**What is required:**
Set down the lines of the data exactly, starting at the first and stopping after the line containing "If \<open>\<mu>\<^sub>a(B +".

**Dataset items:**
○ ○ ○ ○ ○

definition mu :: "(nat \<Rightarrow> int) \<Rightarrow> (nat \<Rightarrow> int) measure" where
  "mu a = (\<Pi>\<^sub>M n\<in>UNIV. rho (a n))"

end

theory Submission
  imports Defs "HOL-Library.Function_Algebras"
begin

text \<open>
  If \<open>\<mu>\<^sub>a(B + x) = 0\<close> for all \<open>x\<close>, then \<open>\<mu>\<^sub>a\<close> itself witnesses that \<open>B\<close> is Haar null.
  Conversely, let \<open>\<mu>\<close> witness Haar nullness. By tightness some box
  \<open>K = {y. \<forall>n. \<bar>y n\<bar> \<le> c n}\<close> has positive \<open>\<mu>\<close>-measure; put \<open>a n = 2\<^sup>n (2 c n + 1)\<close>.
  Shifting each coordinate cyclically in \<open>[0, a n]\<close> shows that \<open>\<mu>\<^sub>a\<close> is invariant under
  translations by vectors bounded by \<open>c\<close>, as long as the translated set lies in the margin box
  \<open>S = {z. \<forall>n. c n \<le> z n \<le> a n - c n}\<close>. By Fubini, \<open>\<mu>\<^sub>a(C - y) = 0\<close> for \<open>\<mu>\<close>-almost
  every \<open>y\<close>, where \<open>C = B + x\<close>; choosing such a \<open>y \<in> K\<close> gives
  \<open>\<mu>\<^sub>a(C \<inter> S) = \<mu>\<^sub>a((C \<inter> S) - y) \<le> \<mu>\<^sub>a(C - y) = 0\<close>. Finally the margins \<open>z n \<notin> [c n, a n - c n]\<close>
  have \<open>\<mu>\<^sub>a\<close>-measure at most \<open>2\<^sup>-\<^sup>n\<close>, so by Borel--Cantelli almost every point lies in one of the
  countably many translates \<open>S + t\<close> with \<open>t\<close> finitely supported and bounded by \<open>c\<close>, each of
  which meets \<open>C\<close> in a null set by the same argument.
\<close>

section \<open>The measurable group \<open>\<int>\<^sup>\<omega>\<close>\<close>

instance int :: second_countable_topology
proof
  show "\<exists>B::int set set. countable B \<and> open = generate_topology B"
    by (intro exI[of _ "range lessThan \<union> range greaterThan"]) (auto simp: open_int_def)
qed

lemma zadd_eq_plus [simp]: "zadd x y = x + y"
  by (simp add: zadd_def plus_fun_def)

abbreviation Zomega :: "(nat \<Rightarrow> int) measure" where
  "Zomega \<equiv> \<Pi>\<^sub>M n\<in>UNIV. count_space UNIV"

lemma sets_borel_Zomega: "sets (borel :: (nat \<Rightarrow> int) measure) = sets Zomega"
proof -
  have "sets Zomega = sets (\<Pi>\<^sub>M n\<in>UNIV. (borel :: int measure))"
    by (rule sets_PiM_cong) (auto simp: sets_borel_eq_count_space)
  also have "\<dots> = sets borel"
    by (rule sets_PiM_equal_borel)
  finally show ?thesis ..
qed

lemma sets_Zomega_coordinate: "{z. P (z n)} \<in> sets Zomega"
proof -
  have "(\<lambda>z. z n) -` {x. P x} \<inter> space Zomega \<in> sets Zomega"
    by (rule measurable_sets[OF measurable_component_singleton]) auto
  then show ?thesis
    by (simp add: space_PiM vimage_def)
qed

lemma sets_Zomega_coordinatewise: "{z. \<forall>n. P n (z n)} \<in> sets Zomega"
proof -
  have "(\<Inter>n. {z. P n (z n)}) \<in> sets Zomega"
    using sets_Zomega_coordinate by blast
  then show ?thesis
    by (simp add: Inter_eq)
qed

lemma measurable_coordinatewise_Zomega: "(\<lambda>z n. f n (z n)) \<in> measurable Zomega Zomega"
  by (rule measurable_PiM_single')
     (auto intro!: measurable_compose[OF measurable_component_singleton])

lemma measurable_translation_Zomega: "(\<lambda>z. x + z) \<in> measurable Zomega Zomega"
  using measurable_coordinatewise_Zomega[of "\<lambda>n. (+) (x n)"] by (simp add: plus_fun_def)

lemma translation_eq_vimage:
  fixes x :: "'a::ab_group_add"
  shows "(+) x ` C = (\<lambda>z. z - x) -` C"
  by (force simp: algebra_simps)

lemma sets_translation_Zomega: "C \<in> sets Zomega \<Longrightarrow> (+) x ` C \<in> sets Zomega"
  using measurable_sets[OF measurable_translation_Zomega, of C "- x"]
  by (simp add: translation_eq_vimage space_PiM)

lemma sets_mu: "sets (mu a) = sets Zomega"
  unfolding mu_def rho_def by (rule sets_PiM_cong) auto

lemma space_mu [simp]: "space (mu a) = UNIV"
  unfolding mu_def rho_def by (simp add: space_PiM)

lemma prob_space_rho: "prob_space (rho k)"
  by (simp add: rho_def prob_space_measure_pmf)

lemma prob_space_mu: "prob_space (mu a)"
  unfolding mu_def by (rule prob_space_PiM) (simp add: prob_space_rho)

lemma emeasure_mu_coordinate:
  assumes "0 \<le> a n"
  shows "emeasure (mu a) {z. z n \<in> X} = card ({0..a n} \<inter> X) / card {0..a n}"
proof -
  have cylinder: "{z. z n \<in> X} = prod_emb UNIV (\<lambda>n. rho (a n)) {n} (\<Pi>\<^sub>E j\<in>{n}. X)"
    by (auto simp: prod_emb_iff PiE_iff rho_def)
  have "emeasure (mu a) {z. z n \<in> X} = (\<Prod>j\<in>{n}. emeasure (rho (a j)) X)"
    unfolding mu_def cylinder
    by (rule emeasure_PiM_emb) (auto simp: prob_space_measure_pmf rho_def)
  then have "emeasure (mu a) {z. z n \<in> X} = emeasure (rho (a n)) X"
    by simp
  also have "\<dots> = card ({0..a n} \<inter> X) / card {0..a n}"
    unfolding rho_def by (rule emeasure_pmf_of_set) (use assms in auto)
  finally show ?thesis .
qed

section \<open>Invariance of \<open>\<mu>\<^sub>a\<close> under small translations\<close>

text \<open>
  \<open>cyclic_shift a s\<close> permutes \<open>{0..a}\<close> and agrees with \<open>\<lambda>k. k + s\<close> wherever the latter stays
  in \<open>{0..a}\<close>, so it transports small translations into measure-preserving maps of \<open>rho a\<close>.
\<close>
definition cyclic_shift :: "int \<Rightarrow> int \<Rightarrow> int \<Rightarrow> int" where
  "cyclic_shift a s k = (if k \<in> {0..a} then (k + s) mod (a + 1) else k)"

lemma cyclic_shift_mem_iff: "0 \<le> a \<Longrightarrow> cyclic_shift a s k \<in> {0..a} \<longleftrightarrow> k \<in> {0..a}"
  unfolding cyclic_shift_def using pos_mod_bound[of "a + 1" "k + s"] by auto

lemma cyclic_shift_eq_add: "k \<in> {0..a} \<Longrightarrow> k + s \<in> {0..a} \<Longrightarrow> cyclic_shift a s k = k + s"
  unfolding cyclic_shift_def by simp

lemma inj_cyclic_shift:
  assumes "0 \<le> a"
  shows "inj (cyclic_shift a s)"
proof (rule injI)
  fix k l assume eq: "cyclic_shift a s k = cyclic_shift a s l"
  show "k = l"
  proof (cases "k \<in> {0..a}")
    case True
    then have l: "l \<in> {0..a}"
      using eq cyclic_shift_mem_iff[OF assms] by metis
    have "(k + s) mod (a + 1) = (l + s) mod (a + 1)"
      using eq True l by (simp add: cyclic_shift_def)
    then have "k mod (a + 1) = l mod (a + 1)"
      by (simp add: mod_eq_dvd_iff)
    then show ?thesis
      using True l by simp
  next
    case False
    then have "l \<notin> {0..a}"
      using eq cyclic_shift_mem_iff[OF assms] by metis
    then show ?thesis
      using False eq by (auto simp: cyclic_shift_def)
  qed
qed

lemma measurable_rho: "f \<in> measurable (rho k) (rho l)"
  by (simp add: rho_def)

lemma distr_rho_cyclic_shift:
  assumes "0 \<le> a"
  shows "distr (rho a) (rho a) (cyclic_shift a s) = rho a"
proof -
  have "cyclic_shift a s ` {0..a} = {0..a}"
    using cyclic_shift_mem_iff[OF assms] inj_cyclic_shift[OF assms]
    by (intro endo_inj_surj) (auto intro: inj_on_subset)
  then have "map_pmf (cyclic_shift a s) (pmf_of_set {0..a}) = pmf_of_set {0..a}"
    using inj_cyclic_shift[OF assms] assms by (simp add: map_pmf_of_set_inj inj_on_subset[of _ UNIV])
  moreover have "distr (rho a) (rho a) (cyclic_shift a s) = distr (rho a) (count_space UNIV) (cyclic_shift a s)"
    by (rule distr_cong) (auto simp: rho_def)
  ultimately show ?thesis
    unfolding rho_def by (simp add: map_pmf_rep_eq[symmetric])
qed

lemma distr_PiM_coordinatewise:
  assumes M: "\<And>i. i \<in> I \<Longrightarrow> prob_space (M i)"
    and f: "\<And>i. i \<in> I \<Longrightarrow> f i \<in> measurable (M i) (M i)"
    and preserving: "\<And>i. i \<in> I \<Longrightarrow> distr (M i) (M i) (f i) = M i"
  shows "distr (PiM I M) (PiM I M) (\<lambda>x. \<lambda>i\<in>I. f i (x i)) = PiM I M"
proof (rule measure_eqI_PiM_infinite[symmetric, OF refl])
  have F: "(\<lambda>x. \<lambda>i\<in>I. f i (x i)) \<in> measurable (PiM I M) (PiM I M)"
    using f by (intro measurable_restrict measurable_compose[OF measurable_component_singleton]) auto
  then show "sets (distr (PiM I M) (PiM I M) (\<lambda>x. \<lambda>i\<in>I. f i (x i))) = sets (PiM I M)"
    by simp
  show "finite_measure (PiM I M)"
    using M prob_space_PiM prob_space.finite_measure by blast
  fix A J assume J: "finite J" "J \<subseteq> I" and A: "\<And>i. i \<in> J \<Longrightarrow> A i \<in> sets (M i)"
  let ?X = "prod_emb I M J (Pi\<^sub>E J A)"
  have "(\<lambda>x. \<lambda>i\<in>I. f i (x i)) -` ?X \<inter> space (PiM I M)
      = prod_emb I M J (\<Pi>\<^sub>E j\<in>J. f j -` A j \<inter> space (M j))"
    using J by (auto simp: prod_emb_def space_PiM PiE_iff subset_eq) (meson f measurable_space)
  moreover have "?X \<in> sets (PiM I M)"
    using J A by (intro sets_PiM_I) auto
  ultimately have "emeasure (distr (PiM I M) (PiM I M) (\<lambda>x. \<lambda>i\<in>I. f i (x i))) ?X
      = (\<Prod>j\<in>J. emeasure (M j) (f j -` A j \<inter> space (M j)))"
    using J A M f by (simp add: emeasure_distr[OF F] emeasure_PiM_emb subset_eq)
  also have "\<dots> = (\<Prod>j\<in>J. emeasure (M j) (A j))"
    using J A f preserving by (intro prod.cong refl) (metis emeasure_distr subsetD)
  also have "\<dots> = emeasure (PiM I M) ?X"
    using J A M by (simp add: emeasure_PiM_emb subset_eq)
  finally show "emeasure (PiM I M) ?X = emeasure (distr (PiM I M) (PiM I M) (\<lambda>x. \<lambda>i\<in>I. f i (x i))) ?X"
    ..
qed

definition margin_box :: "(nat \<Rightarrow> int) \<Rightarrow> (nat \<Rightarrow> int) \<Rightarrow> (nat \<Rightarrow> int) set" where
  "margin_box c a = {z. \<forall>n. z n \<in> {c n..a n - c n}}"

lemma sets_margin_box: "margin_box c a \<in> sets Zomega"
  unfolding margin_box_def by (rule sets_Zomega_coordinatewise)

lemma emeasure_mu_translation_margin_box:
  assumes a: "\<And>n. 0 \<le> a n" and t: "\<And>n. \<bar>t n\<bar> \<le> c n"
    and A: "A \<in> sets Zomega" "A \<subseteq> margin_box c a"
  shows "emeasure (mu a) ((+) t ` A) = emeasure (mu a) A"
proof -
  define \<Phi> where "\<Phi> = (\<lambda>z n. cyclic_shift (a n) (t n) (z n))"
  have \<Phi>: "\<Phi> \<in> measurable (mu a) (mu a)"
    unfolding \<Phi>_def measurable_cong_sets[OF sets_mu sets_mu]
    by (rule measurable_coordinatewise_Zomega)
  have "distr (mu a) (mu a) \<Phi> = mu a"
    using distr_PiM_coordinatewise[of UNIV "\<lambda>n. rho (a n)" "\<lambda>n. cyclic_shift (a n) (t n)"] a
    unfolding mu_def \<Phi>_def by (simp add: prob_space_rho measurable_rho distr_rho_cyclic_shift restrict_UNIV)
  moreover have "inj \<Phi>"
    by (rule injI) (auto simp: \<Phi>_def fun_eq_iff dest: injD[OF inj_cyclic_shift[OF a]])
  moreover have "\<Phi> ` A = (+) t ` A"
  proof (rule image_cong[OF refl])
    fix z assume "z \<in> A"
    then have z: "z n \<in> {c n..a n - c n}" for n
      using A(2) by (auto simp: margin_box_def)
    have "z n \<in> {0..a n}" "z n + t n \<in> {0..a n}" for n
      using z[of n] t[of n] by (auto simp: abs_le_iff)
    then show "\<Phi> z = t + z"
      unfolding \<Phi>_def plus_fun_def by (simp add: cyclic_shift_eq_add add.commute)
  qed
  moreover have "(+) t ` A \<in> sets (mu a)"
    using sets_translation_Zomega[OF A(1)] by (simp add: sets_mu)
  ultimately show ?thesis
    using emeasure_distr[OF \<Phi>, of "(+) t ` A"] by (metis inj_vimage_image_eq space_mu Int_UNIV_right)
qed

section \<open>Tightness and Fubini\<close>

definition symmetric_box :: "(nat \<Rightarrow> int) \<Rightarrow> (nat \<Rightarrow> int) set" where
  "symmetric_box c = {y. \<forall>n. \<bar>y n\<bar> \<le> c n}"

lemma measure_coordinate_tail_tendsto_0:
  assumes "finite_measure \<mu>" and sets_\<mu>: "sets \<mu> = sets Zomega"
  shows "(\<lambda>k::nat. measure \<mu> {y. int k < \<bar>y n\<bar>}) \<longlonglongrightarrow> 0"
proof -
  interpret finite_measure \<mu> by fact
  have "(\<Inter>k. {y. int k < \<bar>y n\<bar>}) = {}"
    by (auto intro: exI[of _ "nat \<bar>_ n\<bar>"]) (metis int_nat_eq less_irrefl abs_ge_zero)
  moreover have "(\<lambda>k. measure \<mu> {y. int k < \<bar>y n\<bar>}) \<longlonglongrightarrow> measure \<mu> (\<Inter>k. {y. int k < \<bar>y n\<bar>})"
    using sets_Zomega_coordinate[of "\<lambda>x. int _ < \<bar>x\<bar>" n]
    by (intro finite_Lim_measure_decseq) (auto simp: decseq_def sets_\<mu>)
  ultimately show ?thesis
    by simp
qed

○ ○ ○ ○ ○

**Answer to this exercise:**
definition mu :: "(nat \<Rightarrow> int) \<Rightarrow> (nat \<Rightarrow> int) measure" where
  "mu a = (\<Pi>\<^sub>M n\<in>UNIV. rho (a n))"

end

theory Submission
  imports Defs "HOL-Library.Function_Algebras"
begin

text \<open>
  If \<open>\<mu>\<^sub>a(B + x) = 0\<close> for all \<open>x\<close>, then \<open>\<mu>\<^sub>a\<close> itself witnesses that \<open>B\<close> is Haar null.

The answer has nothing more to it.